Cette spécificité pose un problème majeur en cas d’opération de restructuration ou de cession. Comment valoriser un actif qui ne figure pas au bilan, dont la création n’est pas traçable comptablement, et dont l’existence juridique n’est attestée par aucun titre de propriété intellectuelle enregistré ? La réponse fiscale dépendra ici de la qualité de la documentation produite par l’entreprise : fiches de conception, feuilles de route de développement, preuves de tests, ventilation analytique des coûts, captations de performances.
En l’absence d’éléments probants permettant d’établir la réalité, la consistance et la valeur économique de l’intelligence artificielle concernée, l’administration fiscale est parfaitement fondée à rejeter la valorisation déclarée, à procéder à une réintégration de la valeur estimée de l’actif en cas de sous-évaluation manifeste lors d’une opération patrimoniale, voire, dans les cas les plus sensibles, à remettre en cause le régime fiscal applicable à ladite opération – notamment en contestant l’éligibilité au régime de faveur prévu en matière d’apports partiels d’actif ou de fusions placées sous le bénéfice de l’article 210 A du Code général des impôts.

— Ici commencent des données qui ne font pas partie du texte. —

(* There exists a constant $c>0$ and infinitely many pairs of integers $(n,\ell)$ with $1\le\ell<n$ such that $f(n,\ell)\ge c\,\frac{n}{\ell}\,\frac{\log n}{\log\log n}$. (For instance, one may take $n$ to be the product of the $k$ smallest primes and $\ell$ the smallest integer with $\pi(\ell)=k$.)
   Context: For integers $n\ge 2$ and $\ell\ge0$, a set $B\subseteq\mathbb{Z}_n$ is an $\ell$-covering set if $\{ab\bmod n: 0\le a\le\ell,\ b\in B\}=\mathbb{Z}_n$, and $f(n,\ell)$ is the minimum size of an $\ell$-covering set of $\mathbb{Z}_n$. $\pi$ is the prime counting function. Convention: $\log x$ denotes $\max(\ln x,1)$. *)

theory Defs
  imports Complex_Main
begin

definition covering_set :: "nat \<Rightarrow> nat \<Rightarrow> nat set \<Rightarrow> bool" where
  "covering_set n l B \<longleftrightarrow> B \<subseteq> {0..<n} \<and>
     {(a * b) mod n | a b. a \<le> l \<and> b \<in> B} = {0..<n}"

definition fcov :: "nat \<Rightarrow> nat \<Rightarrow> nat" where
  "fcov n l = (LEAST k. \<exists>B. covering_set n l B \<and> card B = k)"

definition Log :: "real \<Rightarrow> real" where
  "Log x = max (ln x) 1"

end

theory Submission
  imports Defs "HOL-Number_Theory.Totient"
begin

text \<open>Take \<open>n\<close> the product of the primes up to a prime \<open>N\<close>, and \<open>l = N\<close>. A number
  \<open>a \<le> N\<close> coprime to \<open>n\<close> must be \<open>1\<close>, so every unit of \<open>\<int>/n\<close> lies in each
  \<open>N\<close>-covering set and \<open>f(n, N) \<ge> \<phi>(n) = n \<Prod>\<^bsub>p \<le> N\<^esub> (1 - 1/p)\<close>.
  Chebyshev's bound \<open>\<Prod>\<^bsub>p \<le> N\<^esub> p \<le> 4\<^sup>N\<close> gives \<open>log n \<le> N log 4\<close>, hence
  \<open>log n / log log n = O(N / log N)\<close>; a Mertens-type bound
  \<open>\<Sum>\<^bsub>p \<le> N\<^esub> 1/p \<le> log log N + O(1)\<close> gives \<open>\<Prod>\<^bsub>p \<le> N\<^esub> (1 - 1/p) \<ge> c / log N\<close>.\<close>

section \<open>Chebyshev's bound for the primorial\<close>

definition primes_le :: "nat \<Rightarrow> nat set" where
  "primes_le N = {p. prime p \<and> p \<le> N}"
(* For every positive integer $r$ and integers $0\le k\le n$, \[ q^{r\binom{k+1}{2}+(1-r)k}\,[r]_q^k\,[k]_{q^r}!\,S_r[n,k]=\sum_{\ell=0}^kq^{rk(k-\ell)}\,A^r_{n,\ell}(q)\,{n-\ell\brack k-\ell}_{q^r}. \]
   Context: $[k]_q=1+\dots+q^{k-1}$, $[0]_q=0$, $[k]_q!=\prod_{i=1}^k[i]_q$, ${n\brack k}_q=\frac{[n]_q!}{[k]_q![n-k]_q!}$; the subscript $q^r$ means $q$ replaced by $q^r$. The $r$-colored $q$-Stirling numbers of the second kind: $S_r[0,k]=\delta_{0k}$ and $S_r[n,k]=S_r[n-1,k-1]+[rk+1]_qS_r[n-1,k]$ for $n\ge1$. The colored permutation group $\mathbb{Z}_r\wr\mathfrak{S}_n$ consists of words $\pi=\pi_1^{z_1}\cdots\pi_n^{z_n}$ with $\pi_1\cdots\pi_n\in\mathfrak{S}_n$ and $z_i\in\{0,\dots,r-1\}$ ($k^0$ written $k$), totally ordered by $n^{r-1}<\dots<n^1<\dots<1^{r-1}<\dots<1^1<0<1<\dots<n$. With $\pi_0^{z_0}=0$, $\mathrm{Des}_r(\pi)=\{i\in\{0,\dots,n-1\}:\pi_i^{z_i}>\pi_{i+1}^{z_{i+1}}\}$, $\mathrm{des}_r(\pi)=|\mathrm{Des}_r(\pi)|$, $\mathrm{fmaj}_r(\pi)=r\sum_{i\in\mathrm{Des}_r(\pi)}i+\sum_iz_i$, and $A^r_{n,k}(q)$ is defined by $\sum_{\pi\in\mathbb{Z}_r\wr\mathfrak{S}_n}t^{\mathrm{des}_r(\pi)}q^{\mathrm{fmaj}_r(\pi)}=\sum_{k=0}^nA^r_{n,k}(q)t^k$. *)

theory Defs
  imports "HOL-Computational_Algebra.Polynomial" "HOL-Combinatorics.Permutations"
begin

definition qint :: "'a::comm_ring_1 \<Rightarrow> nat \<Rightarrow> 'a" where
  "qint q k = (\<Sum>i<k. q ^ i)"

definition qfact :: "'a::comm_ring_1 \<Rightarrow> nat \<Rightarrow> 'a" where
  "qfact q k = (\<Prod>i=1..k. qint q i)"
(* Let $a,b$ be coprime positive integers with $ab\ne1$. Then $$M_{a,b}(B)=\#\left\{(s,t)\in\mathbb{Z}^2:\ \begin{array}{l}\gcd(s,t)=1,\ s(s-at)\ne0,\ s/t\ne(a^2-b^2)/(2a),\\ t>0,\ 0<-Q_3(s,t),\\ 0<-Q_j(s,t)\le \lambda B/\max\{a,b\}\text{ for }j=1,2\end{array}\right\}+O(1),$$ where $\lambda=\gcd(Q_1(s,t),Q_2(s,t))$.
   Context: $M_{a,b}(B)$ is the number of $(x,y,z)\in\mathbb{N}^3$ with $(a^2-b^2)x^2+(a^2+b^2)y^2=2z^2$, $\gcd(x,y)=1$ and $\max\{a,b\}\max\{x,y\}\le B$. The binary quadratic forms are $Q_1(s,t)=2s^2+(a^2-b^2)t^2-4ast$, $Q_2(s,t)=-2s^2+(a^2-b^2)t^2$, $Q_3(s,t)=-2as^2+2(a^2-b^2)st-a(a^2-b^2)t^2$. The implied constant is absolute. *)

theory Defs
  imports Complex_Main
begin

definition M_count :: "nat \<Rightarrow> nat \<Rightarrow> real \<Rightarrow> nat" where
  "M_count a b B = card {(x :: nat, y :: nat, z :: nat).
      0 < x \<and> 0 < y \<and> 0 < z \<and>
      (int a ^ 2 - int b ^ 2) * int x ^ 2 + (int a ^ 2 + int b ^ 2) * int y ^ 2 = 2 * int z ^ 2 \<and>
      gcd x y = 1 \<and>
      real (max a b * max x y) \<le> B}"

definition Q1 :: "int \<Rightarrow> int \<Rightarrow> int \<Rightarrow> int \<Rightarrow> int" where
  "Q1 a b s t = 2 * s ^ 2 + (a ^ 2 - b ^ 2) * t ^ 2 - 4 * a * s * t"

definition Q2 :: "int \<Rightarrow> int \<Rightarrow> int \<Rightarrow> int \<Rightarrow> int" where
  "Q2 a b s t = - 2 * s ^ 2 + (a ^ 2 - b ^ 2) * t ^ 2"

definition Q3 :: "int \<Rightarrow> int \<Rightarrow> int \<Rightarrow> int \<Rightarrow> int" where
  "Q3 a b s t = - 2 * a * s ^ 2 + 2 * (a ^ 2 - b ^ 2) * s * t - a * (a ^ 2 - b ^ 2) * t ^ 2"

definition N_set :: "nat \<Rightarrow> nat \<Rightarrow> real \<Rightarrow> (int \<times> int) set" where
  "N_set a b B = {(s, t). gcd s t = 1 \<and> s * (s - int a * t) \<noteq> 0 \<and>
      real_of_int s / real_of_int t \<noteq> (real a ^ 2 - real b ^ 2) / (2 * real a) \<and>
      t > 0 \<and> 0 < - Q3 (int a) (int b) s t \<and>
      (let lam = gcd (Q1 (int a) (int b) s t) (Q2 (int a) (int b) s t) in
        0 < - Q1 (int a) (int b) s t \<and>
        real_of_int (- Q1 (int a) (int b) s t) \<le> real_of_int lam * B / real (max a b) \<and>
        0 < - Q2 (int a) (int b) s t \<and>
        real_of_int (- Q2 (int a) (int b) s t) \<le> real_of_int lam * B / real (max a b))}"

end

theory Submission
  imports Defs
begin

text \<open>The forms satisfy \<open>(A\<^sup>2 - B\<^sup>2) Q\<^sub>1\<^sup>2 + (A\<^sup>2 + B\<^sup>2) Q\<^sub>2\<^sup>2 = 2 Q\<^sub>3\<^sup>2\<close>, so they parametrise
  the conic defining \<open>M\<^sub>a\<^sub>,\<^sub>b(B)\<close>. Dividing \<open>(-Q\<^sub>1, -Q\<^sub>2, -Q\<^sub>3)(s, t)\<close> by
  \<open>\<lambda> = gcd(Q\<^sub>1, Q\<^sub>2)\<close>, which then also divides \<open>Q\<^sub>3\<close>, gives a primitive positive solution, and the
  height condition on \<open>(s, t)\<close> is exactly the condition \<open>max{a,b} max{x,y} \<le> B\<close>.
  This map is a bijection onto all counted solutions except \<open>(1, 1, a)\<close>: the line through the
  rational point \<open>(1 : 1 : a)\<close> recovers \<open>(s : t) = ((a\<^sup>2 - b\<^sup>2)(x - y) : 2(z - a y))\<close>, and
  \<open>x = y\<close>, which happens only at \<open>(1, 1, a)\<close>, corresponds to the excluded \<open>s(s - a t) = 0\<close>.
  So the two counts differ by at most one.\<close>

lemma Q_conic_identity:
  "(A^2 - B^2) * (Q1 A B s t)^2 + (A^2 + B^2) * (Q2 A B s t)^2 = 2 * (Q3 A B s t)^2"
  unfolding Q1_def Q2_def Q3_def by algebra

lemma Q1_minus_Q2: "Q1 A B s t - Q2 A B s t = 4 * s * (s - A * t)"
  unfolding Q1_def Q2_def by algebra

lemma Q1_plus_Q2: "Q1 A B s t + Q2 A B s t = 2 * t * ((A^2 - B^2) * t - 2 * A * s)"
  unfolding Q1_def Q2_def by algebra

lemma Q3_minus_Q2: "Q3 A B s t - A * Q2 A B s t = 2 * (A^2 - B^2) * t * (s - A * t)"
  unfolding Q2_def Q3_def by algebra

lemma Q1_scale: "Q1 A B (g * s) (g * t) = g^2 * Q1 A B s t"
  unfolding Q1_def by algebra

lemma Q2_scale: "Q2 A B (g * s) (g * t) = g^2 * Q2 A B s t"
  unfolding Q2_def by algebra

lemma Q3_scale: "Q3 A B (g * s) (g * t) = g^2 * Q3 A B s t"
  unfolding Q3_def by algebra

lemma
  assumes "(A^2 - B^2) * X^2 + (A^2 + B^2) * Y^2 = 2 * Z^2"
  defines "c \<equiv> 4 * (A^2 - B^2) * ((A^2 - B^2) * X + (A^2 + B^2) * Y - 2 * A * Z)"
  shows Q1_at_conic_point: "Q1 A B ((A^2 - B^2) * (X - Y)) (2 * (Z - A * Y)) = c * X"
    and Q2_at_conic_point: "Q2 A B ((A^2 - B^2) * (X - Y)) (2 * (Z - A * Y)) = c * Y"
    and Q3_at_conic_point: "Q3 A B ((A^2 - B^2) * (X - Y)) (2 * (Z - A * Y)) = c * Z"
  using assms unfolding Q1_def Q2_def Q3_def c_def by algebra+

lemma dvd_of_square_dvd_double_square:
  fixes l c :: int
  assumes "l^2 dvd 2 * c^2"
  shows "l dvd c"
proof (cases "c = 0")
  case False
  define g where "g = gcd l c"
  obtain l' k where l': "l = g * l'" and k: "c = g * k"
    unfolding g_def by (meson gcd_dvd1 gcd_dvd2 dvdE)
  have "g \<noteq> 0" using False g_def by simp
  have "coprime l' k"
    using False l' k g_def by (metis div_gcd_coprime nonzero_mult_div_cancel_left mult_zero_left)
  have "g^2 * l'^2 dvd g^2 * (2 * k^2)"
    using assms l' k by (simp add: power_mult_distrib mult_ac)
  with \<open>g \<noteq> 0\<close> have "l'^2 dvd 2 * k^2" by simp
  with \<open>coprime l' k\<close> have "l'^2 dvd 2" by (simp add: coprime_dvd_mult_left_iff)
  then have "\<bar>l'\<bar>^2 \<le> 2" and "l' \<noteq> 0" by (auto dest: zdvd_imp_le)
  then have "\<bar>l'\<bar>^2 < 2^2" by simp
  then have "\<bar>l'\<bar> < 2" by (rule power2_less_imp_less) simp
  with \<open>l' \<noteq> 0\<close> have "is_unit l'" by simp
  then have "l' dvd k" by (rule unit_imp_dvd)
  then show ?thesis using l' k by (simp add: mult_dvd_mono)
qed simp

lemma coprime_cross_mult_eq:
  fixes s t s' t' :: int
  assumes "coprime s t" "coprime s' t'" "t > 0" "t' > 0" "s * t' = s' * t"
  shows "s = s' \<and> t = t'"
proof -
  have "t dvd t'"
    using assms(1,5) by (metis coprime_commute coprime_dvd_mult_right_iff dvd_triv_right)
  moreover have "t' dvd t"
    using assms(2,5) by (metis coprime_commute coprime_dvd_mult_right_iff dvd_triv_right)
  ultimately have "t = t'" using assms(3,4) by (simp add: zdvd_antisym_nonneg)
  with assms(4,5) show ?thesis by simp
qed

lemma conic_point_sign:
  fixes A B X Y Z :: int
  defines "d \<equiv> A^2 - B^2" and "e \<equiv> A^2 + B^2"
  assumes "A > 0" "d \<noteq> 0" "X > 0" "Y > 0" "Z > 0" "X \<noteq> Y"
    and conic: "d * X^2 + e * Y^2 = 2 * Z^2"
  shows "d * (d * X + e * Y - 2 * A * Z) < 0"
proof -
  have "(d * X + e * Y) * (X + Y) = 2 * Z^2 + 2 * A^2 * X * Y"
    using conic unfolding d_def e_def by algebra
  moreover have "2 * Z^2 + 2 * A^2 * X * Y > 0" using assms by (simp add: add_pos_pos)
  ultimately have "d * X + e * Y > 0" using assms by (smt (verit) mult_nonpos_nonneg)
  moreover have "2 * A * Z > 0" using assms by simp
  ultimately have pos: "d * X + e * Y + 2 * A * Z > 0" by linarith
  have "(d * (d * X + e * Y - 2 * A * Z)) * (d * X + e * Y + 2 * A * Z) = - (d^2 * e * (X - Y)^2)"
    using conic unfolding d_def e_def by algebra
  also have "\<dots> < 0"
    using assms by (simp add: e_def add_pos_nonneg)
  finally show ?thesis using pos by (simp add: mult_less_0_iff)
qed

lemma gcd_Q1_Q2_eq:
  fixes A B s t m X Y :: int
  assumes "- Q1 A B s t = m * X" "- Q2 A B s t = m * Y" "m \<ge> 0" "coprime X Y"
  shows "gcd (Q1 A B s t) (Q2 A B s t) = m"
proof -
  have "gcd (Q1 A B s t) (Q2 A B s t) = gcd (m * X) (m * Y)"
    using assms(1,2) by (metis gcd_neg1_int gcd_neg2_int)
  also have "\<dots> = m" using assms(3,4) by (simp flip: gcd_mult_distrib_int)
  finally show ?thesis .
qed

lemma reduced_Q_solution:
  fixes A B s t :: int
  defines "l \<equiv> gcd (Q1 A B s t) (Q2 A B s t)"
  assumes "Q1 A B s t < 0" "Q2 A B s t < 0" "Q3 A B s t < 0"
  obtains X Y Z where "l > 0" "- Q1 A B s t = l * X" "- Q2 A B s t = l * Y" "- Q3 A B s t = l * Z"
    "X > 0" "Y > 0" "Z > 0" "coprime X Y" "(A^2 - B^2) * X^2 + (A^2 + B^2) * Y^2 = 2 * Z^2"
proof -
  have "l > 0" using assms(2) l_def by simp
  obtain X Y where X: "- Q1 A B s t = l * X" and Y: "- Q2 A B s t = l * Y"
    unfolding l_def by (meson dvd_minus_iff dvdE gcd_dvd1 gcd_dvd2)
  have "coprime X Y"
    using X Y \<open>l > 0\<close> unfolding l_def
    by (metis gcd_mult_distrib_int gcd_neg1_int gcd_neg2_int abs_of_pos mult_cancel_left1
        less_irrefl coprime_iff_gcd_eq_1)
  have "l^2 * ((A^2 - B^2) * X^2 + (A^2 + B^2) * Y^2) = 2 * (Q3 A B s t)^2"
    using Q_conic_identity[of A B s t] X Y by algebra
  then have "l dvd Q3 A B s t"
    by (metis dvd_of_square_dvd_double_square dvd_triv_left)
  then obtain Z where Z: "- Q3 A B s t = l * Z" by (meson dvd_minus_iff dvdE)
  have "l^2 * ((A^2 - B^2) * X^2 + (A^2 + B^2) * Y^2) = l^2 * (2 * Z^2)"
    using Q_conic_identity[of A B s t] X Y Z by algebra
  then have conic: "(A^2 - B^2) * X^2 + (A^2 + B^2) * Y^2 = 2 * Z^2" using \<open>l > 0\<close> by simp
  have "l * X > 0" "l * Y > 0" "l * Z > 0" using assms(2-4) X Y Z by linarith+
  then have "X > 0" "Y > 0" "Z > 0" using \<open>l > 0\<close> by (simp_all add: zero_less_mult_iff)
  with that \<open>l > 0\<close> X Y Z \<open>coprime X Y\<close> conic show thesis by blast
qed

lemma Q_triple_ratio:
  fixes A B s t l X Y Z :: int
  assumes "s \<noteq> A * t"
    and "- Q1 A B s t = l * X" "- Q2 A B s t = l * Y" "- Q3 A B s t = l * Z"
  shows "2 * s * (Z - A * Y) = (A^2 - B^2) * t * (X - Y)"
proof -
  have "(s - A * t) * (2 * (2 * s * (Z - A * Y))) = (s - A * t) * (2 * ((A^2 - B^2) * t * (X - Y)))"
    using assms(2-4) Q1_minus_Q2[of A B s t] Q3_minus_Q2[of A B s t] by algebra
  then show ?thesis using assms(1) by (simp only: mult_cancel_left) simp
qed

lemma Q_triple_injective:
  fixes A B s t s' t' l l' X Y Z :: int
  assumes "A^2 \<noteq> B^2" "X \<noteq> Y"
    and "coprime s t" "t > 0" "s \<noteq> A * t"
    and "coprime s' t'" "t' > 0" "s' \<noteq> A * t'"
    and "- Q1 A B s t = l * X" "- Q2 A B s t = l * Y" "- Q3 A B s t = l * Z"
    and "- Q1 A B s' t' = l' * X" "- Q2 A B s' t' = l' * Y" "- Q3 A B s' t' = l' * Z"
  shows "s = s' \<and> t = t'"
proof -
  have "2 * s * (Z - A * Y) = (A^2 - B^2) * t * (X - Y)"
    using assms by (intro Q_triple_ratio)
  moreover have "2 * s' * (Z - A * Y) = (A^2 - B^2) * t' * (X - Y)"
    using assms by (intro Q_triple_ratio)
  ultimately have "((A^2 - B^2) * (X - Y)) * (s * t') = ((A^2 - B^2) * (X - Y)) * (s' * t)"
    by algebra
  then have "s * t' = s' * t" using assms(1,2) by simp
  then show ?thesis using assms(3,4,6,7) by (intro coprime_cross_mult_eq)
qed

lemma conic_point_Z_ne:
  fixes A B X Y Z :: int
  assumes "A^2 \<noteq> B^2" "X > 0" "Y > 0" "X \<noteq> Y"
    and "(A^2 - B^2) * X^2 + (A^2 + B^2) * Y^2 = 2 * Z^2"
  shows "Z \<noteq> A * Y"
proof
  assume "Z = A * Y"
  then have "(A^2 - B^2) * (X^2 - Y^2) = 0" using assms(5) by algebra
  then have "X^2 = Y^2" using assms(1) by simp
  then show False using assms(2-4) by (simp add: power2_eq_iff_nonneg)
qed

Cette ambivalence de la qualification fiscale, entre reconnaissance implicite et défi probatoire, rend les actifs IA à la fois précieux et risqués. Elle justifie à elle seule que les entreprises adoptent une approche préventive, dès le début du développement, visant à construire une traçabilité technique et économique de l’IA, en vue d’anticiper toute opération patrimoniale future.
II. Valorisation en cas de cession : un levier de plus-value mais un terrain de contentieux
A. Méthodes de valorisation économique de l’intelligence artificielle
L’évaluation d’une intelligence artificielle développée en interne devient un exercice particulièrement délicat lorsque celle-ci fait l’objet d’une opération de cession, d’apport ou d’absorption. Dans de telles circonstances, l’entreprise est tenue de justifier, de manière méthodique et transparente, la valeur attribuée à un actif dont la spécificité repose précisément sur son caractère non conventionnel, évolutif et immatériel.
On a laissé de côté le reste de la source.